Code of Conduct


The Board of Directors of the Company realized on the importance of the operations and the ways of practices which complied with Good Corporate Governance and had the efficient management system, transparency and be investigating to strengthen the confidence of all shareholders, investors and other stakeholders for the company operations. Thus the Corporate Governance Policy and Business Ethics which complied with the 2006 and 2012 Corporate Governance Principles of the Stock Exchange of Thailand have been provide for practices of directors, management and employees of the Company to materialize Company's goals in achieving accountability and transparency in all operations as follows.

1. Rights of Shareholders

The Company emphasizes and recognizes the importance of the rights of all shareholders equitably. The rights that the Company provides for its shareholders as fundamental are as follows:

  • Rights to get share certificate, sell, purchase or transfer the Company's shares
  • Rights to propose agenda and enquiries for the Shareholders' Meeting
  • Participation in the Shareholders' Meeting (Before the Meeting Date, On the Meeting Date and After the Meeting Date)
  • Appointment/Dismission of Directors of the Company and Approve their Remuneration
  • Appointment of Auditors and approval of their remuneration
  • Regularly and timely obtained adequate information, business performance and management policy.
  • Getting profit.

2. Equitable Treatment of Shareholders

The Company realizes to protect and due care for the interests of all major and minor shareholders as fairly basis. In addition, the Company sets policy for equitably treatment to all shareholders for attending and vote in the shareholders' meetings, sharing in profits, obtained adequate information, business performance and management policy. In the shareholders' meeting, each shareholder shall have one vote on each share, the agenda of appointment of directors of which been appointed by individual. In every shareholders' meeting, the meetings were conducted to be in line with the agenda without any additional topic from what have been expressed in the invitation letter otherwise rights of the shareholders who could not participate in the meeting by themselves will be deprived.

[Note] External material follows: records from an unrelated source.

lemma connectedin_osc_topology_cell:
  "connectedin (osc_topology L R) {of_int n .. of_int n + 1}"
proof (rule connectedin_intermediate_closure_of)
  let ?C = "{of_int n <..< of_int n + 1 :: real}"
  have "continuous_map (top_of_set ?C) (osc_topology L R) id"
    unfolding osc_topology_def
    using continuous_on_osc_curve_cell[of n L R]
    by (intro continuous_map_pullback') (auto simp: continuous_map_iff_continuous)
  from connectedin_continuous_map_image[OF this]
  show "connectedin (osc_topology L R) ?C"
    by (simp add: connectedin_subtopology)
  show "{of_int n .. of_int n + 1} \<subseteq> osc_topology L R closure_of ?C"
    using cell_endpoints_in_closure_of closure_of_subset[of ?C "osc_topology L R"]
    by (auto simp: less_eq_real_def subset_iff)
qed auto

lemma connectedin_osc_topology_int_interval:
  assumes "m \<le> n"
  shows "connectedin (osc_topology L R) {of_int m .. of_int n}"
  using assms
proof (induction n rule: int_ge_induct)
  case base
  then show ?case by simp
next
  case (step n)
  have "{of_int m .. of_int (n + 1)} = {of_int m .. of_int n} \<union> {of_int n .. of_int n + 1 :: real}"
    using step.hyps by auto
  then show ?case
    using step.hyps by (auto intro!: connectedin_Un step.IH connectedin_osc_topology_cell)
qed

lemma connected_space_osc_topology: "connected_space (osc_topology L R)"
proof -
  have "connectedin (osc_topology L R) (\<Union>k::nat. {- real k .. real k})"
  proof (rule connectedin_Union)
    show "connectedin (osc_topology L R) S" if "S \<in> range (\<lambda>k::nat. {- real k .. real k})" for S
      using that connectedin_osc_topology_int_interval[of "- int k" "int k" L R for k] by auto
    have "0 \<in> (\<Inter>k::nat. {- real k .. real k})"
      by simp
    then show "(\<Inter>k::nat. {- real k .. real k}) \<noteq> {}"
      by blast
  qed
  moreover have "x \<in> {- real (nat \<lceil>\<bar>x\<bar>\<rceil>) .. real (nat \<lceil>\<bar>x\<bar>\<rceil>)}" for x :: real
    using real_nat_ceiling_ge[of "\<bar>x\<bar>"] unfolding atLeastAtMost_iff by linarith
  then have "(\<Union>k::nat. {- real k .. real k}) = UNIV"
    by blast
  ultimately show ?thesis
    by (metis connectedin_topspace topspace_osc_topology)
qed

lemma second_countable_top_of_set:
  "second_countable (top_of_set (S :: 'a::second_countable_topology set))"
proof -
  obtain \<B> :: "'a set set" where "countable \<B>" "\<And>C. C \<in> \<B> \<Longrightarrow> openin (top_of_set S) C"
    "\<And>T. openin (top_of_set S) T \<Longrightarrow> \<exists>\<U>. \<U> \<subseteq> \<B> \<and> T = \<Union>\<U>"
    by (rule subset_second_countable) blast
  then show ?thesis
    unfolding second_countable_def by (metis UnionE subset_iff Union_upper)
qed

lemma gdelta_in_graph:
  fixes g :: "'a::metric_space \<Rightarrow> 'b::metric_space"
  assumes U: "open U" and g: "continuous_on U g"
  shows "gdelta_in euclidean ((\<lambda>x. (x, g x)) ` U)"
proof -
  let ?S = "U \<times> (UNIV :: 'b set)"
  have snd: "continuous_map (top_of_set ?S) euclidean snd"
    by (simp add: continuous_map_iff_continuous continuous_on_snd continuous_on_id)
  have "continuous_map (top_of_set ?S) euclidean (g \<circ> fst)"
    using continuous_on_compose2[OF g continuous_on_fst[OF continuous_on_id], of ?S]
    by (auto simp: continuous_map_iff_continuous o_def)
  then have "closedin (top_of_set ?S) {p \<in> topspace (top_of_set ?S). (g \<circ> fst) p = snd p}"
    using closedin_continuous_maps_eq[OF Hausdorff_space_euclidean _ snd] by blast
  moreover have "{p \<in> topspace (top_of_set ?S). (g \<circ> fst) p = snd p} = (\<lambda>x. (x, g x)) ` U"
    by auto
  ultimately have "gdelta_in (top_of_set ?S) ((\<lambda>x. (x, g x)) ` U)"
    by (metis closed_imp_gdelta_in metrizable_space_euclidean metrizable_space_subtopology)
  moreover have "gdelta_in euclidean ?S"
    using U by (simp add: open_imp_gdelta_in open_Times)
  ultimately show ?thesis
    by (simp add: gdelta_in_gdelta_subtopology)
qed

lemma range_osc_curve:
  "range (osc_curve L R) = (\<lambda>x. (x, snd (osc_curve L R x))) ` (- \<int>) \<union> \<int> \<times> {(0, 0)}"
proof -
  let ?g = "\<lambda>x. (x, snd (osc_curve L R x))"
  have "range (osc_curve L R) = range ?g"
    by (simp add: osc_curve_def)
  also have "\<dots> = ?g ` (- \<int>) \<union> ?g ` \<int>"
    by (simp flip: image_Un)
  also have "?g ` \<int> = \<int> \<times> {(0, 0)}"
    by (force elim!: Ints_cases)
  finally show ?thesis .
qed

lemma completely_metrizable_space_osc_topology:
  "completely_metrizable_space (osc_topology L R)"
proof -
  have "continuous_on (- \<int>) (\<lambda>x. snd (osc_curve L R x))"
    by (intro continuous_at_imp_continuous_on ballI continuous_snd isCont_osc_curve) simp
  then have "gdelta_in euclidean ((\<lambda>x. (x, snd (osc_curve L R x))) ` (- \<int>))"
    by (intro gdelta_in_graph) (simp_all add: open_Compl)
  moreover have "gdelta_in euclidean ((\<int> :: real set) \<times> {(0 :: real, 0 :: real)})"
    by (intro closed_imp_gdelta_in metrizable_space_euclidean) (simp add: closed_Times)
  ultimately have "gdelta_in euclidean (range (osc_curve L R))"
    unfolding range_osc_curve by (rule gdelta_in_Un)
  then show ?thesis
    using completely_metrizable_space_gdelta_in[OF completely_metrizable_space_euclidean]
      homeomorphic_completely_metrizable_space
        [OF homeomorphic_map_imp_homeomorphic_space[OF homeomorphic_map_osc_curve]]
    by blast
qed

lemma separable_space_osc_topology: "separable_space (osc_topology L R)"
  using second_countable_imp_separable_space[OF second_countable_top_of_set]
    homeomorphic_separable_space
      [OF homeomorphic_map_imp_homeomorphic_space[OF homeomorphic_map_osc_curve]]
  by blast
(* Let $G\subseteq \mathrm{GL}_n(\mathbb{R})$ be a finite group with fundamental invariants $\pi_1,\dots,\pi_m$, so that $\mathbb{R}[X_1,\dots,X_n]^G=\mathbb{R}[\pi_1,\dots,\pi_m]$, and let $\Pi=(\pi_1,\dots,\pi_m):\mathbb{C}^n\to\mathbb{C}^m$ be the Hilbert map. Let $z\in V_{\mathbb{R}}(I_\Pi)$ be a point whose preimage $\Pi^{-1}(z)\subseteq\mathbb{C}^n$ is not contained in $\mathbb{R}^n$. Then there exists $f\in\left(\Sigma\mathbb{R}[\underline{X}]^2\right)^G$ such that $\phi_z(f)<0$.
   Context: $I_\Pi\subseteq\mathbb{R}[z_1,\dots,z_m]$ is the ideal of polynomial relations among $\pi_1,\dots,\pi_m$, and $V_{\mathbb{R}}(I_\Pi)\subseteq\mathbb{R}^m$ its real zero set. For $z\in V_{\mathbb{R}}(I_\Pi)$, $\phi_z:\mathbb{R}[\underline{X}]^G\to\mathbb{R}$ is the ring homomorphism $g(\pi_1,\dots,\pi_m)\mapsto g(z)$ (well defined since $z$ satisfies all relations). $\Sigma\mathbb{R}[\underline{X}]^2$ is the set of finite sums of squares of polynomials in $\mathbb{R}[\underline{X}]=\mathbb{R}[X_1,\dots,X_n]$, and $\left(\Sigma\mathbb{R}[\underline{X}]^2\right)^G=\Sigma\mathbb{R}[\underline{X}]^2\cap\mathbb{R}[\underline{X}]^G$. *)

theory Defs
  imports "HOL-Analysis.Analysis" "HOL-Library.Poly_Mapping"
begin

type_synonym 'v rpoly = "('v \<Rightarrow>\<^sub>0 nat) \<Rightarrow>\<^sub>0 real"

definition Var :: "'v \<Rightarrow> 'v rpoly" where
  "Var i = Poly_Mapping.single (Poly_Mapping.single i 1) 1"

definition Const :: "real \<Rightarrow> 'v rpoly" where
  "Const c = Poly_Mapping.single 0 c"

text \<open>Used for evaluation at real points, at complex points, and for
  substitution of polynomials into polynomials.\<close>
definition peval :: "(real \<Rightarrow> 'b::comm_semiring_1) \<Rightarrow> ('v \<Rightarrow> 'b) \<Rightarrow> 'v rpoly \<Rightarrow> 'b" where
  "peval c x p = (\<Sum>\<alpha>\<in>Poly_Mapping.keys p. c (Poly_Mapping.lookup p \<alpha>) * (\<Prod>i\<in>Poly_Mapping.keys \<alpha>. x i ^ Poly_Mapping.lookup \<alpha> i))"

definition eval_real :: "'v rpoly \<Rightarrow> ('v \<Rightarrow> real) \<Rightarrow> real" where
  "eval_real p x = peval id x p"

definition eval_complex :: "'v rpoly \<Rightarrow> ('v \<Rightarrow> complex) \<Rightarrow> complex" where
  "eval_complex p x = peval complex_of_real x p"

definition psubst :: "'v rpoly \<Rightarrow> ('v \<Rightarrow> 'w rpoly) \<Rightarrow> 'w rpoly" where
  "psubst p q = peval Const q p"

definition mat_act :: "real^'n^'n \<Rightarrow> 'n rpoly \<Rightarrow> 'n rpoly" where
  "mat_act g f = psubst f (\<lambda>i. \<Sum>j\<in>UNIV. Const (g $ i $ j) * Var j)"

definition invariants :: "(real^'n^'n) set \<Rightarrow> 'n rpoly set" where
  "invariants G = {f. \<forall>g\<in>G. mat_act g f = f}"

definition finite_matrix_group :: "(real^'n^'n) set \<Rightarrow> bool" where
  "finite_matrix_group G \<longleftrightarrow> finite G \<and> mat 1 \<in> G \<and>
     (\<forall>g\<in>G. invertible g \<and> matrix_inv g \<in> G) \<and> (\<forall>g\<in>G. \<forall>h\<in>G. g ** h \<in> G)"

definition generates_invariants :: "(real^'n^'n) set \<Rightarrow> ('m \<Rightarrow> 'n rpoly) \<Rightarrow> bool" where
  "generates_invariants G \<pi> \<longleftrightarrow> invariants G = {psubst g \<pi> | g. True}"

definition sos :: "'v rpoly set" where
  "sos = {f. \<exists>qs. f = (\<Sum>q\<leftarrow>qs. q ^ 2)}"

definition relations_ideal :: "('m \<Rightarrow> 'n rpoly) \<Rightarrow> 'm rpoly set" where
  "relations_ideal \<pi> = {g. psubst g \<pi> = 0}"

definition real_zero_set :: "'m rpoly set \<Rightarrow> ('m \<Rightarrow> real) set" where
  "real_zero_set I = {z. \<forall>g\<in>I. eval_real g z = 0}"
lemma INF_phi_less:
  assumes "B \<in> P0 C" and "A \<noteq> {}" and "C_compact (uminus ` C) A" and less: "A \<subseteq> mdiff B (interior C)"
  shows "(INF b\<in>B. \<phi> b) < (INF a\<in>A. \<phi> a)"
proof -
  have local_gap: "\<exists>U b \<epsilon>. open U \<and> a \<in> msum U (uminus ` C) \<and> b \<in> B \<and> \<epsilon> > 0 \<and>
                           (\<forall>y\<in>msum U (uminus ` C). \<phi> b + ereal \<epsilon> \<le> \<phi> y)"
    if "a \<in> A" for a
  proof -
    obtain b c where "b \<in> B" "c \<in> interior C" "a = b - c"
      using less \<open>a \<in> A\<close> unfolding mdiff_def by blast
    then show ?thesis
      using phi_local_gap_below[of c b] by blast
  qed
  have "\<exists>F \<delta>. finite F \<and> F \<noteq> {} \<and> F \<subseteq> B \<and> \<delta> > 0 \<and> (\<forall>a\<in>A. \<exists>b\<in>F. \<phi> b + ereal \<delta> \<le> \<phi> a)"
    by (rule C_compact_uniform_gap[where R = "\<lambda>y b \<epsilon>. \<phi> b + ereal \<epsilon> \<le> \<phi> y",
          OF \<open>C_compact (uminus ` C) A\<close> \<open>A \<noteq> {}\<close> local_gap phi_add_gap_mono])
  then obtain F \<delta> where F: "finite F" "F \<noteq> {}" "F \<subseteq> B" and "\<delta> > 0"
    and gap: "\<forall>a\<in>A. \<exists>b\<in>F. \<phi> b + ereal \<delta> \<le> \<phi> a"
    by blast
  define m where "m = Min (\<phi> ` F)"
  have "m \<in> \<phi> ` F"
    unfolding m_def using F(1,2) by (intro Min_in) simp_all
  then obtain b\<^sub>0 where "b\<^sub>0 \<in> F" "\<phi> b\<^sub>0 = m"
    by (metis imageE)
  moreover have "\<bar>\<phi> b\<^sub>0\<bar> \<noteq> \<infinity>"
    using \<open>b\<^sub>0 \<in> F\<close> F(3) by (intro phi_finite[OF \<open>B \<in> P0 C\<close>]) blast
  ultimately obtain r where r: "m = ereal r"
    by (cases m) auto
  have "(INF b\<in>B. \<phi> b) \<le> ereal r"
    using \<open>b\<^sub>0 \<in> F\<close> \<open>\<phi> b\<^sub>0 = m\<close> r F(3) by (auto intro: INF_lower2)
  also have "\<dots> < ereal (r + \<delta>)"
    using \<open>\<delta> > 0\<close> by simp
  also have "\<dots> \<le> (INF a\<in>A. \<phi> a)"
  proof (rule INF_greatest)
    fix a assume "a \<in> A"
    then obtain b where "b \<in> F" "\<phi> b + ereal \<delta> \<le> \<phi> a"
      using gap by blast
    have "ereal (r + \<delta>) = m + ereal \<delta>"
      using r by simp
    also have "\<dots> \<le> \<phi> b + ereal \<delta>"
      unfolding m_def using \<open>b \<in> F\<close> F(1) by (intro add_right_mono) simp
    also have "\<dots> \<le> \<phi> a"
      by fact
    finally show "ereal (r + \<delta>) \<le> \<phi> a" .
  qed
  finally show ?thesis .
qed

The Company will inspect to ensure no inside information of which is material, undisclosed and confidential leak to public or be used from unauthorized for personal benefit. IT system has been implemented for a secure access for all users inside and outside the firewall in conjunction with the Company's own user authentication and security system. It was also set forth in the Company's Corporate Governance Policy to refuse directors, management and employees of the Company to use Company's inside information for personal benefits. The Directors and management of the Company had been informed on their duties and punishment regarding to report on securities holdings of themselves, their spouse and any minor children and the Company has set as a policy to report on securities holdings of directors in every meeting of the Board of Directors.

In case of conflict of interest, it is the Company's Policy to have the directors, management, employees and related parties to disclose such interests to the Audit Committee for consideration of the transaction to be complied to SET's regulations.

3. Roles to Stakeholders

The support from each stakeholder should increase the competitiveness and ability to generate more benefit for long-term succession. The Company realized the importance of all stakeholders i.e. shareholders, employees of the Company and its subsidiaries, customers, competitors, lenders, societies and environment. Thus, general rules and practices have been set for directors, management and employees to perform and disclosed as well as providing more channels for the stakeholders to contact directly to the Company in order to provide either comments or recommendations which will be benefit to the Company.

4. Disclosure and Transparency

The Company has strong determination to reveal accurate complete, consistent and updated information, both financial and general information that related to Company's business. The Complete, consistent and updated information will truly reflect Company's financial performance and future business direction. The Board of Directors has to ensure that the Company's disclosures are transparency and strictly complied by laws, Company's and any related regulations.

5. Roles and Responsibilities of the Board of Directors

The Board of Directors has at least 5 members, and there are 15 members at the present. The Board consists of Chairman, and other members of which more than one-half will be Non - Executive Directors. The Board composed of independent directors with at lease one-third of total numbers and shall at least 3 members. No less than one half of the total number of directors shall have residence within the Kingdom.

For best benefit of the shareholders and to strike a balance of power within the Company, the positions of Chairman of the Board of Directors and President must not be attained by the same person. Roles and responsibility of the management have been clearly classified.

The Board of Directors must take part in setting out the Company goals and carry out all the policies with an objective to optimize benefits to all shareholders and stakeholders without an obligation to personal benefits or any particular party. They must avoid all actions that may cause conflicts of interest between companies within the same umbrella. They have to operate the business with morality, responsibility, due care and integrity, as well as supervise the management to comply with Company's Objectives, Articles of Association, resolutions of the Board of Directors and shareholders' meeting along with rules and regulations stated by The Stock Exchange of Thailand and Office of the Securities and Exchange Commission (SEC).


Accepted business ethics and the Company's Code of Conduct may not cover every possible situation. Therefore, if problems arise, management and employees should consult with their authorized supervisor to ensure that appropriate action is taken.